You must reboot the system for the changes to take effect.

JDK Installation
You can download the latest JDK from Oracle Technology Network or use wget to download it directly if you know the exact URL for the version you’re downloading.

[root@hadoop ~]# wget --no-check-certificate --no-cookies --header "Cookie: oraclelicense=accept-securebackup-cookie" http://download.oracle.com/otn-pub/java/jdk/8u5-b13/jdk-8u5-linux-x64.tar.gz
--2014-07-12 12:40:23--  http://download.oracle.com/otn-pub/java/jdk/8u5-b13/jdk-8u5-linux-x64.tar.gz
Resolving download.oracle.com... 176.255.203.9, 176.255.203.10
...

100%[=====================================================================================================================================================================>] 159,008,252 1.80M/s   in 93s

2014-07-12 12:41:57 (1.62 MB/s) - “jdk-8u5-linux-x64.tar.gz” saved [159008252/159008252]

[root@hadoop ~]#

Now extract the archive in /opt.

[root@hadoop ~]# tar -xzf jdk-8u5-linux-x64.tar.gz -C /opt/
[root@hadoop ~]#

Use alternatives to set the Java symbolic links to your newly installed JDK.

[root@hadoop ~]# alternatives --install /usr/bin/java java /opt/jdk1.8.0_05/bin/java 2
[root@hadoop ~]# alternatives --config java

There are 3 programs which provide 'java'.

  Selection    Command
-----------------------------------------------
*+ 1           /usr/lib/jvm/jre-1.7.0-openjdk.x86_64/bin/java
   2           /usr/lib/jvm/jre-1.6.0-openjdk.x86_64/bin/java
   3           /opt/jdk1.8.0_05/bin/java

Enter to keep the current selection[+], or type selection number: 3
[root@hadoop ~]#

Let’s confirm that java points to the correct JDK version.

[root@hadoop ~]# java -version
java version "1.8.0_05"
Java(TM) SE Runtime Environment (build 1.8.0_05-b13)
Java HotSpot(TM) 64-Bit Server VM (build 25.5-b02, mixed mode)
[root@hadoop ~]#

Create a dedicated Hadoop user account
Our next step is to create a dedicated user account that owns and runs the Hadoop software.
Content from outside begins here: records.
lemma mem_basis [simp]: "x \<in> basis n \<longleftrightarrow> length x = n"
  by (simp add: basis_def)

lemma is_vecD: "is_vec n v \<Longrightarrow> length x \<noteq> n \<Longrightarrow> v x = 0"
  by (simp add: is_vec_def)

lemma app_apply: "length x = n \<Longrightarrow> app n A v x = (\<Sum>y\<in>basis n. A x y * v y)"
  by (simp add: app_def)

lemma app_outside: "length x \<noteq> n \<Longrightarrow> app n A v x = 0"
  by (simp add: app_def)

lemma is_vec_app: "is_vec n (app n A v)"
  by (simp add: is_vec_def app_def)

lemma linear_app: "Vector_Spaces.linear qscale qscale (app n A)"
  by unfold_locales
    (auto simp: app_def fun_eq_iff algebra_simps sum.distrib sum_distrib_left qscale_apply)

lemma app_qscale: "app n A (qscale c v) = qscale c (app n A v)"
  and app_diff: "app n A (u - v) = app n A u - app n A v"
  using qvp.linear_scale[OF linear_app] qvp.linear_diff[OF linear_app] by blast+

lemma app_op_sum:
  "finite I \<Longrightarrow> app n (\<lambda>x y. \<Sum>i\<in>I. A i x y) v = (\<Sum>i\<in>I. app n (A i) v)"
  by (auto simp: app_def fun_eq_iff sum_fun_apply sum_distrib_right intro: sum.swap)

lemma inner_diff_right: "inner n u (v - w) = inner n u v - inner n u w"
  by (simp add: inner_def algebra_simps sum_subtractf)

lemma inner_diff_left: "inner n (v - w) u = inner n v u - inner n w u"
  by (simp add: inner_def algebra_simps sum_subtractf)

lemma inner_qscale_right: "inner n u (qscale c v) = c * inner n u v"
  by (simp add: inner_def algebra_simps sum_distrib_left qscale_apply)

lemma inner_sum_right: "inner n u (\<Sum>i\<in>I. f i) = (\<Sum>i\<in>I. inner n u (f i))"
  unfolding inner_def sum_fun_apply by (simp add: sum_distrib_left) (rule sum.swap)

lemma cnj_inner: "cnj (inner n u v) = inner n v u"
  by (simp add: inner_def mult.commute)

lemma inner_self_eq_sum_norm: "inner n v v = of_real (\<Sum>x\<in>basis n. (cmod (v x))\<^sup>2)"
  unfolding inner_def of_real_sum
  by (intro sum.cong refl) (metis complex_norm_square mult.commute of_real_power)

lemma inner_self_eq_0:
  assumes "is_vec n v" "inner n v v = 0"
  shows "v = 0"
proof -
  have "(\<Sum>x\<in>basis n. (cmod (v x))\<^sup>2) = 0"
    using assms(2) inner_self_eq_sum_norm[of n v] by (metis of_real_eq_0_iff)
  hence "\<forall>x\<in>basis n. v x = 0"
    by (subst (asm) sum_nonneg_eq_0_iff) auto
  thus ?thesis using assms(1) by (auto simp: fun_eq_iff is_vec_def)
qed

definition ket :: "bool list \<Rightarrow> qvec" where
  "ket y = (\<lambda>x. if x = y then 1 else 0)"

lemma is_vec_ket: "length y = n \<Longrightarrow> is_vec n (ket y)"
  by (simp add: is_vec_def ket_def)

lemma inner_ket_left: "length y = n \<Longrightarrow> inner n (ket y) v = v y"
  by (simp add: inner_def ket_def if_distrib[of cnj] if_distrib[of "\<lambda>c. c * _"] cong: if_cong)

lemma app_ket: "length y = n \<Longrightarrow> app n A (ket y) x = (if length x = n then A x y else 0)"
  by (simp add: app_def ket_def if_distrib cong: if_cong)

lemma is_vec_in_span_kets:
  assumes "is_vec n v"
  shows "v \<in> qv.span (ket ` basis n)"
proof -
  have "v = (\<Sum>y\<in>basis n. qscale (v y) (ket y))"
    using assms
    by (auto simp: fun_eq_iff sum_fun_apply qscale_apply ket_def is_vec_def if_distrib cong: if_cong)
  also have "\<dots> \<in> qv.span (ket ` basis n)"
    by (intro qv.span_sum qv.span_scale qv.span_base imageI)
  finally show ?thesis .
qed

lemma psd_diag_nonneg: "psd n A \<Longrightarrow> length a = n \<Longrightarrow> Re (A a a) \<ge> 0"
  unfolding psd_def using is_vec_ket[of a n] by (metis app_ket inner_ket_left)

lemma psd_sum:
  assumes "finite I" "\<And>i. i \<in> I \<Longrightarrow> psd n (A i)"
  shows "psd n (\<lambda>x y. \<Sum>i\<in>I. A i x y)"
  using assms unfolding psd_def
  by (simp add: app_op_sum inner_sum_right sum_nonneg)

section \<open>Orthogonal projectors\<close>

definition hermitian :: "qop \<Rightarrow> bool" where
  "hermitian A \<longleftrightarrow> (\<forall>x y. A x y = cnj (A y x))"

lemma hermitian_cnj: "hermitian A \<Longrightarrow> cnj (A x y) = A y x"
  unfolding hermitian_def by (metis complex_cnj_cnj)

lemma hermitian_inner_app:
  assumes "hermitian A"
  shows "inner n (app n A u) v = inner n u (app n A v)"
proof -
  have "inner n (app n A u) v = (\<Sum>x\<in>basis n. \<Sum>y\<in>basis n. cnj (A x y) * cnj (u y) * v x)"
    by (simp add: inner_def app_def sum_distrib_right)
  also have "\<dots> = (\<Sum>y\<in>basis n. \<Sum>x\<in>basis n. cnj (u y) * (A y x * v x))"
    by (subst sum.swap) (simp add: hermitian_cnj[OF assms] mult_ac)
  also have "\<dots> = inner n u (app n A v)"
    by (simp add: inner_def app_def sum_distrib_left)
  finally show ?thesis .
qed

lemma is_orth_projD:
  assumes "is_orth_proj n K P"
  shows "is_op n P" "hermitian P" "\<And>v. is_vec n v \<Longrightarrow> app n P v \<in> K"
    "\<And>v. v \<in> K \<Longrightarrow> app n P v = v"
  using assms unfolding is_orth_proj_def hermitian_def by blast+

lemma is_orth_proj_idem:
  "is_orth_proj n K P \<Longrightarrow> is_vec n v \<Longrightarrow> app n P (app n P v) = app n P v"
  by (simp add: is_orth_projD)

lemma is_orth_proj_inner_app:
  assumes P: "is_orth_proj n K P" and v: "is_vec n v"
  shows "inner n v (app n P v) = inner n (app n P v) (app n P v)"
  using hermitian_inner_app[OF is_orth_projD(2)[OF P], of n v "app n P v"]
  by (simp add: is_orth_proj_idem[OF P v])

lemma psd_orth_proj: "is_orth_proj n K P \<Longrightarrow> psd n P"
  unfolding psd_def
  by (simp add: is_orth_proj_inner_app inner_self_eq_sum_norm sum_nonneg)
I am going to name my user haduser and his primary group will be called hadgroup.

[root@hadoop ~]# groupadd hadgroup
[root@hadoop ~]# useradd haduser -G hadgroup
[root@hadoop ~]# passwd haduser
Changing password for user haduser.
New password:
Retype new password:
passwd: all authentication tokens updated successfully.
[root@hadoop ~]#

Let’s switch to the newly created.

[root@hadoop ~]# su - haduser
[haduser@hadoop ~]$

Setup key based authentication for haduser
Hadoop requires secure shell connections to the localhost without a passphrase, so let’s configure key-based SSH access.
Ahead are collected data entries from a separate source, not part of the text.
lemma cinv_in_G [simp]: "x \<in> G e \<Longrightarrow> cinv x \<in> G e"
  and cinv_cinv [simp]: "x \<in> G e \<Longrightarrow> cinv (cinv x) = x"
proof -
  assume x: "x \<in> G e"
  have "cinv (cinv x) = x"
    using x cinv_mult_cinv[of x] mult_cinv_mult[of x] by (intro cinv_unique) simp_all
  \<comment> \<open>instantiated: as a simp rule, \<open>group_component_iff\<close> loops with \<open>mem_S_if_mem_G\<close>\<close>
  with x show "cinv x \<in> G e" "cinv (cinv x) = x"
    unfolding group_component_iff[of "cinv x"] by simp_all
qed

lemma mult_cancel_left [simp]: "x \<in> G e \<Longrightarrow> y \<in> G e \<Longrightarrow> m x (m (cinv x) y) = y"
  and mult_cinv_cancel_left [simp]: "x \<in> G e \<Longrightarrow> y \<in> G e \<Longrightarrow> m (cinv x) (m x y) = y"
  using mult_assoc[of x "cinv x" y] mult_assoc[of "cinv x" x y] by simp_all

lemma mult_in_G [simp]: "x \<in> G e \<Longrightarrow> y \<in> G e \<Longrightarrow> m x y \<in> G e"
  and cinv_mult [simp]: "x \<in> G e \<Longrightarrow> y \<in> G e \<Longrightarrow> cinv (m x y) = m (cinv y) (cinv x)"
proof -
  assume x: "x \<in> G e" and y: "y \<in> G e"
  define a b where "a = m x y" and "b = m (cinv y) (cinv x)"
  have ab: "a \<in> S" "b \<in> S"
    using x y by (simp_all add: a_def b_def mult_closed)
  have "m a b = e" "m b a = e"
    using x y by (simp_all add: a_def b_def mult_closed mult_assoc)
  have "m e a = m (m e x) y"
    unfolding a_def by (rule mult_assoc[symmetric]) (use x y in simp_all)
  moreover have "m e b = m (m e (cinv y)) (cinv x)"
    unfolding b_def by (rule mult_assoc[symmetric]) (use x y in simp_all)
  ultimately have "m e a = a" "m e b = b"
    using x y by (simp_all add: a_def b_def)
  have "cinv a = b"
    using ab by (rule cinv_unique) (simp_all add: \<open>m a b = e\<close> \<open>m b a = e\<close> \<open>m e a = a\<close> \<open>m e b = b\<close>)
  moreover have "a \<in> G e"
    unfolding group_component_iff using ab \<open>cinv a = b\<close> \<open>m a b = e\<close> by simp
  ultimately show "cinv (m x y) = m (cinv y) (cinv x)" "m x y \<in> G e"
    by (simp_all only: a_def b_def)
qed

lemma mult_assoc_G [simp]: "x \<in> G e \<Longrightarrow> y \<in> G e \<Longrightarrow> z \<in> G e \<Longrightarrow> m (m x y) z = m x (m y z)"
  by (simp add: mult_assoc)

end

section \<open>Clopen group components\<close>

locale clopen_group_component = clifford_group_component +
  assumes openin_G: "openin X (G e)" and closedin_G: "closedin X (G e)"
begin

lemma closure_of_neighbourhood_subset:
  assumes "x \<in> G e" "openin X U" "x \<in> U"
  obtains V where "openin X V" "x \<in> V" "X closure_of V \<subseteq> U"
proof -
  let ?h = "\<lambda>z. m (m (fst z) (cinv (snd z))) x"
  have "continuous_map (prod_topology X X) X ?h"
    using assms(1) by (intro continuous_map_clifford_intros) simp
  then obtain W where "openin X W" "x \<in> W" and W: "\<And>p q. p \<in> W \<Longrightarrow> q \<in> W \<Longrightarrow> ?h (p, q) \<in> U"
    by (rule continuous_map_diagonal_neighbourhood[where a = x and U = U]) (use assms in simp_all)
  define V where "V = W \<inter> G e"
  have "openin X V"
    unfolding V_def using \<open>openin X W\<close> openin_G by (rule openin_Int)
  moreover have "x \<in> V"
    using \<open>x \<in> W\<close> assms(1) by (simp add: V_def)
  moreover have "X closure_of V \<subseteq> U"
  proof
    fix y assume y: "y \<in> X closure_of V"
    have "X closure_of V \<subseteq> G e"
      by (rule closure_of_minimal) (auto simp: V_def closedin_G)
    with y have "y \<in> G e" by blast
    define N where "N = {z \<in> S. m (m x (cinv y)) z \<in> V}"
    have "continuous_map X X (m (m x (cinv y)))"
      using assms(1) \<open>y \<in> G e\<close> by (intro continuous_map_mult_left) simp
    then have "openin X N"
      unfolding N_def using \<open>openin X V\<close> by (rule openin_continuous_map_preimage)
    moreover have "y \<in> N"
      using assms(1) \<open>y \<in> G e\<close> \<open>x \<in> V\<close> by (simp add: N_def)
    ultimately obtain z where "z \<in> V" "z \<in> N"
      using y unfolding in_closure_of by blast
    txt \<open>Now \<open>y = z b\<^sup>-\<^sup>1 x\<close> with \<open>z\<close> and \<open>b = x y\<^sup>-\<^sup>1 z\<close> both in \<open>W\<close>.\<close>
    then have "?h (z, m (m x (cinv y)) z) \<in> U"
      using W by (simp add: V_def N_def)
    moreover have "?h (z, m (m x (cinv y)) z) = y"
      using assms(1) \<open>y \<in> G e\<close> \<open>z \<in> V\<close> by (simp add: V_def)
    ultimately show "y \<in> U" by simp
  qed
  ultimately show thesis
    by (rule that)
qed

lemma neighbourhood_mult_cinv_subset:
  assumes "openin X V" "e \<in> V"
  obtains W where "openin X W" "e \<in> W" "W \<subseteq> G e" "\<forall>p\<in>W. \<forall>q\<in>W. m p (cinv q) \<in> V"
proof -
  let ?h = "\<lambda>z. m (fst z) (cinv (snd z))"
  have "continuous_map (prod_topology X X) X ?h"
    by (intro continuous_map_clifford_intros)
  then obtain W where "openin X W" "e \<in> W" and W: "\<And>p q. p \<in> W \<Longrightarrow> q \<in> W \<Longrightarrow> ?h (p, q) \<in> V"
    by (rule continuous_map_diagonal_neighbourhood[where a = e and U = V]) (use assms in simp_all)
  show thesis
  proof (rule that[of "W \<inter> G e"])
    show "openin X (W \<inter> G e)"
      using \<open>openin X W\<close> openin_G by (rule openin_Int)
  qed (use \<open>e \<in> W\<close> W in auto)
qed

text \<open>The translate \<open>a (U \<inter> G e)\<close>, written as a preimage so that its openness is immediate.\<close>

definition left_translate :: "'a \<Rightarrow> 'a set \<Rightarrow> 'a set"
  where "left_translate a U = {y \<in> G e. m (cinv a) y \<in> U}"

lemma openin_left_translate: "a \<in> G e \<Longrightarrow> openin X U \<Longrightarrow> openin X (left_translate a U)"
  unfolding left_translate_def
  by (rule openin_continuous_map_preimage_gen[OF continuous_map_mult_left openin_G]) simp_all

lemma left_translate_self: "a \<in> G e \<Longrightarrow> e \<in> U \<Longrightarrow> a \<in> left_translate a U"
  by (simp add: left_translate_def)

lemma left_translates_disjoint:
  assumes "\<forall>p\<in>W. \<forall>q\<in>W. m p (cinv q) \<in> V" "a \<in> G e" "b \<in> G e" "m (cinv a) b \<notin> V"
  shows "left_translate a W \<inter> left_translate b W = {}"
proof (rule ccontr)
  assume "left_translate a W \<inter> left_translate b W \<noteq> {}"
  then obtain y where y: "y \<in> G e" "m (cinv a) y \<in> W" "m (cinv b) y \<in> W"
    by (auto simp: left_translate_def)
  then have "m (m (cinv a) y) (cinv (m (cinv b) y)) \<in> V"
    using assms(1) by blast
  then show False
    using y assms(2-4) by simp
qed

lemma closure_of_subset_left_translates:
  assumes "openin X W" "e \<in> W" "A \<subseteq> G e"
  shows "X closure_of A \<subseteq> (\<Union>a\<in>A. left_translate a W)"
proof
  fix y assume y: "y \<in> X closure_of A"
  have "X closure_of A \<subseteq> G e"
    by (rule closure_of_minimal) (use assms(3) closedin_G in auto)
  with y have "y \<in> G e" by blast
  define N where "N = {z \<in> S. m (cinv z) y \<in> W}"
  have "continuous_map X X (\<lambda>z. m (cinv z) y)"
    using \<open>y \<in> G e\<close> by (intro continuous_map_clifford_intros) simp_all
  then have "openin X N"
    unfolding N_def using \<open>openin X W\<close> by (rule openin_continuous_map_preimage)
  moreover have "y \<in> N"
    using \<open>y \<in> G e\<close> \<open>e \<in> W\<close> by (simp add: N_def)
  ultimately obtain a where "a \<in> A" "a \<in> N"
    using y unfolding in_closure_of by blast
  then show "y \<in> (\<Union>a\<in>A. left_translate a W)"
    using \<open>y \<in> G e\<close> by (auto simp: N_def left_translate_def)
qed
[haduser@hadoop ~]$ ssh-keygen -t rsa -P ""
Generating public/private rsa key pair.
Enter file in which to save the key (/home/haduser/.ssh/id_rsa):
Created directory '/home/haduser/.ssh'.
Your identification has been saved in /home/haduser/.ssh/id_rsa.
Your public key has been saved in /home/haduser/.ssh/id_rsa.pub.
The key fingerprint is:
8c:79:27:a5:81:00:3c:00:21:b6:3c:e7:72:bc:2c:65 haduser@hadoop
The key's randomart image is:
+--[ RSA 2048]----+
|*=...            |
|+ +  . .         |
| + o  . . .      |
|  =    + +       |
| . E  o S .      |
|  * .  . o       |
| . o             |
|  .              |
|                 |
+-----------------+
[haduser@hadoop ~]$ cat ~/.ssh/id_rsa.pub >> ~/.ssh/authorized_keys
[haduser@hadoop ~]$ chmod 0600 ~/.ssh/authorized_keys

We can do a quick test by invoking date via ssh and adding localhost to the list of known hosts if necessary.

[haduser@hadoop ~]$ ssh localhost date
The authenticity of host 'localhost (::1)' can't be established.
RSA key fingerprint is 8a:c5:52:a2:cf:c9:55:c1:57:15:5c:37:25:16:41:d6.
Are you sure you want to continue connecting (yes/no)? yes
Warning: Permanently added 'localhost' (RSA) to the list of known hosts.
Sat Jul 12 16:07:28 BST 2014
[haduser@hadoop ~]$

Install build tools
There is a set of tools and libraries we have to install that are required for compiling Hadoop from source. Let’s start by adding the default development toolset (gccautoconf etc.). We’ll have to do this as root.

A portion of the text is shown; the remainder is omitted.